Подушка промокла от слез прежде, чем принятая таблетка принесла ей благодатный сон. Таблетка оказала свое действие, Джой так крепко уснула, что не слышала, как вошел Стивен.
Она потеряла всякое представление о времени, когда, пробудившись от глубокого сна, услышала, что Энн ее зовет. Стивен был уже на ногах. Она лежала, прислушиваясь. Просыпаться ночью Энн было несвойственно. А если И случалось проснуться, глоток воды и ласковое слово ее успокаивали. Стивен, как и она, умел успокоить ребенка, Джой повернулась к стене, чтобы свет из соседней комнаты не падал ей в глаза. Она задремала, как вдруг Стивен позвал ее. По его голосу она поняла, что он встревожен. Она вскочила с кровати.
— Она горяченькая и жалуется на горло, — сказал он, когда Джой вошла в комнату Энн.

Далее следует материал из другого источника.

lemma exp_inv_pow_has_real_derivative:
  "(exp_inv_pow m has_real_derivative exp_inv_pow (m+2) t - real m * exp_inv_pow (m+1) t) (at t)"
proof -
  consider "t < 0" | "t = 0" | "t > 0" by linarith
  then show ?thesis
  proof cases
    case 1
    have "((\<lambda>_. 0) has_real_derivative exp_inv_pow (m+2) t - real m * exp_inv_pow (m+1) t) (at t)"
      using 1 by (simp add: exp_inv_pow_def)
    then show ?thesis
      by (rule has_field_derivative_transform_within_open[where S="{..<0}"])
         (use 1 in \<open>auto simp: exp_inv_pow_def\<close>)
  next
    case 2
    have "((\<lambda>h. (exp_inv_pow m h - exp_inv_pow m 0) / (h - 0)) \<longlongrightarrow> 0) (at 0)"
    proof (rule filterlim_split_at)
      show "((\<lambda>h. (exp_inv_pow m h - exp_inv_pow m 0) / (h - 0)) \<longlongrightarrow> 0) (at_left 0)"
        by (rule Lim_transform_eventually[where f="\<lambda>_. 0", OF tendsto_const],
            rule eventually_at_leftI[where a="-1"]) (auto simp: exp_inv_pow_def)
      show "((\<lambda>h. (exp_inv_pow m h - exp_inv_pow m 0) / (h - 0)) \<longlongrightarrow> 0) (at_right 0)"
        using exp_inv_pow_div_tendsto_0[of m] by (simp add: exp_inv_pow_def)
    qed
    then show ?thesis
      using 2 by (simp add: has_field_derivative_iff exp_inv_pow_def)
  next
    case 3
    have "((\<lambda>t. exp (-1/t) / t^m) has_real_derivative
            exp_inv_pow (m+2) t - real m * exp_inv_pow (m+1) t) (at t)"
      using 3 by (auto intro!: derivative_eq_intros simp: exp_inv_pow_def)
                 (cases m; auto simp: field_simps power_Suc)
    then show ?thesis
      by (rule has_field_derivative_transform_within_open[where S="{0<..}"])
         (use 3 in \<open>auto simp: exp_inv_pow_def\<close>)
  qed
qed

lemma exp_inv_pow_2_le: "exp_inv_pow 2 t \<le> 4"
proof (cases "t > 0")
  case True
  define s where "s = 1 / t"
  have s: "s > 0"
    using True by (simp add: s_def)
  have "s/2 \<le> exp (s/2)"
    using exp_ge_add_one_self[of "s/2"] by linarith
  then have "(s/2)^2 \<le> exp (s/2) ^ 2"
    using s by (intro power_mono) auto
  then have "s^2 \<le> 4 * exp s"
    by (simp add: exp_double[symmetric] power2_eq_square[of "exp _"] power_divide)
  have "exp_inv_pow 2 t = s^2 / exp s"
    using True by (simp add: exp_inv_pow_def s_def exp_minus field_simps)
  also have "\<dots> \<le> 4"
    using \<open>s^2 \<le> 4 * exp s\<close> by (simp add: divide_le_eq mult.commute)
  finally show ?thesis .
qed (simp add: exp_inv_pow_def)

lemma has_derivative_exp_inv_pow_comp:
  assumes "(f has_derivative f') (at x)"
  shows "((\<lambda>z. exp_inv_pow m (f z)) has_derivative
           (\<lambda>v. (exp_inv_pow (m+2) (f x) - real m * exp_inv_pow (m+1) (f x)) * f' v)) (at x)"
  using has_derivative_compose[OF assms
      exp_inv_pow_has_real_derivative[of m "f x", unfolded has_field_derivative_def]]
  by (simp add: o_def)

(* Since the class is closed under directional derivatives, all its members are C^infinity;
   this spares computing iterated derivatives of the bump. *)

inductive_set bump_algebra :: "('a::real_inner \<Rightarrow> real) set" where
  const: "(\<lambda>_. c) \<in> bump_algebra"
| inner_left: "(\<lambda>z. z \<bullet> a) \<in> bump_algebra"
| inner_self: "(\<lambda>z. z \<bullet> z) \<in> bump_algebra"
| add: "f \<in> bump_algebra \<Longrightarrow> g \<in> bump_algebra \<Longrightarrow> (\<lambda>z. f z + g z) \<in> bump_algebra"
| mult: "f \<in> bump_algebra \<Longrightarrow> g \<in> bump_algebra \<Longrightarrow> (\<lambda>z. f z * g z) \<in> bump_algebra"
| exp_inv_pow: "f \<in> bump_algebra \<Longrightarrow> (\<lambda>z. exp_inv_pow m (f z)) \<in> bump_algebra"

lemma bump_algebra_diff:
  assumes "f \<in> bump_algebra" "g \<in> bump_algebra"
  shows "(\<lambda>z. f z - g z) \<in> bump_algebra"
  using bump_algebra.add[OF assms(1) bump_algebra.mult[OF bump_algebra.const[of "-1"] assms(2)]]
  by simp

lemma bump_algebra_has_derivative:
  assumes "f \<in> bump_algebra"
  shows "\<exists>D. (\<forall>x. (f has_derivative D x) (at x)) \<and> (\<forall>v. (\<lambda>x. D x v) \<in> bump_algebra)"
  using assms
proof induction
  case (const c)
  show ?case
    by (rule exI[where x="\<lambda>x v. 0"]) (auto intro: bump_algebra.const)
next
  case (inner_left a)
  show ?case
    by (rule exI[where x="\<lambda>x v. v \<bullet> a"]) (auto intro!: bump_algebra.const derivative_eq_intros)
next
  case inner_self
  have "(\<lambda>x. x \<bullet> v + v \<bullet> x) \<in> bump_algebra" for v :: 'a
    using bump_algebra.add[OF bump_algebra.inner_left[of v] bump_algebra.inner_left[of v]]
    by (simp add: inner_commute)
  then show ?case
    by (intro exI[where x="\<lambda>x v. x \<bullet> v + v \<bullet> x"]) (auto intro!: derivative_eq_intros)
next
  case (add f g)
  then obtain Df Dg where
    "\<forall>x. (f has_derivative Df x) (at x)" "\<forall>v. (\<lambda>x. Df x v) \<in> bump_algebra"
    "\<forall>x. (g has_derivative Dg x) (at x)" "\<forall>v. (\<lambda>x. Dg x v) \<in> bump_algebra"
    by blast
  then show ?case
    by (intro exI[where x="\<lambda>x v. Df x v + Dg x v"])
       (auto intro!: derivative_eq_intros bump_algebra.add)
next
  case (mult f g)
  then obtain Df Dg where
    "\<forall>x. (f has_derivative Df x) (at x)" "\<forall>v. (\<lambda>x. Df x v) \<in> bump_algebra"
    "\<forall>x. (g has_derivative Dg x) (at x)" "\<forall>v. (\<lambda>x. Dg x v) \<in> bump_algebra"
    by blast
  then show ?case
    using mult.hyps
    by (intro exI[where x="\<lambda>x v. f x * Dg x v + Df x v * g x"])
       (auto intro!: derivative_eq_intros bump_algebra.add bump_algebra.mult)
next
  case (exp_inv_pow f m)
  then obtain Df where
    "\<forall>x. (f has_derivative Df x) (at x)" "\<forall>v. (\<lambda>x. Df x v) \<in> bump_algebra"
    by blast
  then show ?case
    using exp_inv_pow.hyps
    by (intro exI[where x="\<lambda>x v. (exp_inv_pow (m+2) (f x) - real m * exp_inv_pow (m+1) (f x)) * Df x v"])
       (auto intro!: bump_algebra.intros bump_algebra_diff has_derivative_exp_inv_pow_comp[of _ _ _ m, simplified])
qed

lemma smooth_on_bump_algebra:
  fixes f :: "'a::euclidean_space \<Rightarrow> real"
  assumes "f \<in> bump_algebra"
  shows "smooth_on S f"
  using assms
proof (coinduction arbitrary: f)
  case smooth_on
  then obtain D where D: "\<forall>x. (f has_derivative D x) (at x)" "\<forall>v. (\<lambda>x. D x v) \<in> bump_algebra"
    using bump_algebra_has_derivative by blast
  have "frechet_derivative f (at x) = D x" for x
    using frechet_derivative_at[OF D(1)[rule_format, of x]] by simp
  with D show ?case
    by (auto intro!: continuous_at_imp_continuous_on has_derivative_continuous
        differentiable_at_imp_differentiable_on differentiableI)
qed

definition bump :: "'a::real_inner \<Rightarrow> real \<Rightarrow> 'a \<Rightarrow> real" where
  "bump P r z = exp_inv_pow 0 (1 - ((z - P) \<bullet> (z - P)) / r^2)"

lemma bump_in_bump_algebra: "bump P r \<in> bump_algebra"
proof -
  have "bump P r = (\<lambda>z. exp_inv_pow 0 (1 + (-1/r^2) * (z \<bullet> z + ((-2) * (z \<bullet> P) + P \<bullet> P))))"
    by (auto simp: fun_eq_iff bump_def inner_diff_left inner_diff_right inner_commute field_simps)
  also have "\<dots> \<in> bump_algebra"
    by (intro bump_algebra.intros)
  finally show ?thesis .
qed

lemma has_derivative_bump:
  assumes "r \<noteq> 0"
  shows "(bump P r has_derivative
     (\<lambda>v. exp_inv_pow 2 (1 - ((z - P) \<bullet> (z - P)) / r^2) * (-2/r^2 * ((z - P) \<bullet> v)))) (at z)"
proof -
  let ?g = "\<lambda>z. 1 - ((z - P) \<bullet> (z - P)) / r^2"
  have g: "(?g has_derivative (\<lambda>v. -2/r^2 * ((z - P) \<bullet> v))) (at z)"
    using assms
    by (auto intro!: derivative_eq_intros simp: fun_eq_iff inner_commute field_simps eval_nat_numeral)
  have E: "(exp_inv_pow 0 has_derivative (\<lambda>h. exp_inv_pow 2 (?g z) * h)) (at (?g z))"
    using exp_inv_pow_has_real_derivative[of 0 "?g z"] by (simp add: has_field_derivative_def numeral_2_eq_2)
  show ?thesis
    using has_derivative_compose[OF g E] by (simp add: o_def bump_def[abs_def])
qed

lemma continuous_on_bump: "r \<noteq> 0 \<Longrightarrow> continuous_on S (bump P r)"
  using has_derivative_bump
  by (intro continuous_at_imp_continuous_on ballI) (blast intro: has_derivative_continuous)

lemma grad_bump:
  assumes "r \<noteq> 0"
  shows "grad (bump P r) z = (exp_inv_pow 2 (1 - ((z - P) \<bullet> (z - P)) / r^2) * (-2/r^2)) *\<^sub>R (z - P)"
  unfolding grad_def frechet_derivative_at[OF has_derivative_bump[OF assms], symmetric]
  by (auto simp: vec_eq_iff inner_axis)

lemma inner_self_ge_if_dist_ge:
  assumes "0 \<le> r" "r \<le> dist z P"
  shows "r^2 \<le> (z - P) \<bullet> (z - P)"
  using assms by (metis dist_norm power2_norm_eq_inner power_mono)

lemma bump_eq_0_outside_ball:
  assumes "r > 0" "r \<le> dist z P"
  shows "bump P r z = 0"
  using inner_self_ge_if_dist_ge[of r z P] assms
  by (simp add: bump_def exp_inv_pow_nonpos_eq_0 field_simps)

lemma bump_center: "r \<noteq> 0 \<Longrightarrow> bump P r P = exp (-1)"
  by (simp add: bump_def exp_inv_pow_def)

lemma norm_grad_bump_le:
  assumes "r > 0"
  shows "norm (grad (bump P r) z) \<le> (if dist z P < r then 8 / r else 0)"
proof -
  let ?t = "1 - ((z - P) \<bullet> (z - P)) / r^2"
  have n: "norm (grad (bump P r) z) = exp_inv_pow 2 ?t * (2/r^2) * dist z P"
    using assms by (simp add: grad_bump exp_inv_pow_nonneg abs_mult dist_norm)
  show ?thesis
  proof (cases "dist z P < r")
    case True
    have "exp_inv_pow 2 ?t * (2/r^2) * dist z P \<le> 4 * (2/r^2) * r"
      using True assms by (intro mult_mono exp_inv_pow_2_le) (auto simp: exp_inv_pow_nonneg)
    also have "\<dots> = 8 / r"
      using assms by (simp add: power2_eq_square)
    finally show ?thesis
      using True n by simp
  next
    case False
    then have "?t \<le> 0"
      using assms inner_self_ge_if_dist_ge[of r z P] by (simp add: field_simps)
    then show ?thesis
      using False n by (simp add: exp_inv_pow_nonpos_eq_0)
  qed
qed

lemma abs_component_diff_le_if_mem_cball:
  fixes P z :: "real^'n"
  assumes "z \<in> cball P r"
  shows "\<bar>z $ k - P $ k\<bar> \<le> r"
  using component_le_norm_cart[of "z - P" k] assms by (simp add: dist_norm norm_minus_commute)

lemma cball_subset_halfspace:
  assumes "r < P $ k"
  shows "cball P r \<subseteq> halfspace k"
  using abs_component_diff_le_if_mem_cball[of _ P r k] assms by (force simp: halfspace_def)

lemma open_halfspace: "open (halfspace k)"
  unfolding halfspace_def by (intro open_Collect_less continuous_intros)

lemma bump_in_Cinf_c:
  assumes "0 < r" "r < P $ k"
  shows "bump P r \<in> Cinf_c (halfspace k)"
  unfolding Cinf_c_def
proof (intro CollectI conjI exI[where x="cball P r"])
  show "smooth_on (halfspace k) (bump P r)"
    by (rule smooth_on_bump_algebra[OF bump_in_bump_algebra])
  show "cball P r \<subseteq> halfspace k"
    using assms(2) by (rule cball_subset_halfspace)
  show "\<forall>x\<in>halfspace k - cball P r. bump P r x = 0"
    using assms(1) by (auto intro!: bump_eq_0_outside_ball simp: dist_commute)
qed simp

Джой села на край кроватки и посмотрела на раскрасневшееся личико девочки.
— У меня горло болит, мамочка, — пожаловалась она.
Ребенок был в жару, волосы были мокры от пота.
— Принеси термометр и лампочку, — сказала Джой. — Они там, в большой сумке.
Она поставила термометр Энн под мышку.
— Принеси таз с теплой водой, ее губку и полотенце — она вся липкая от пота.
Джой взглянула на термометр, затем молча подала его Стивену.
— Дай чистую ночную рубашку, эта вся промокла. И розовые таблетки.
Вымытая и успокоенная, Эни беспрекословно открыла рот, и Джой посмотрела ей горло, осветив его лампочкой. Но эта процедура не вызвала у ребенка обычного смеха и старой шутки: «Боже мой! Какой у тебя в горле вырос миндаль!» Если уж Энн не смеялась, значит, она действительно больна.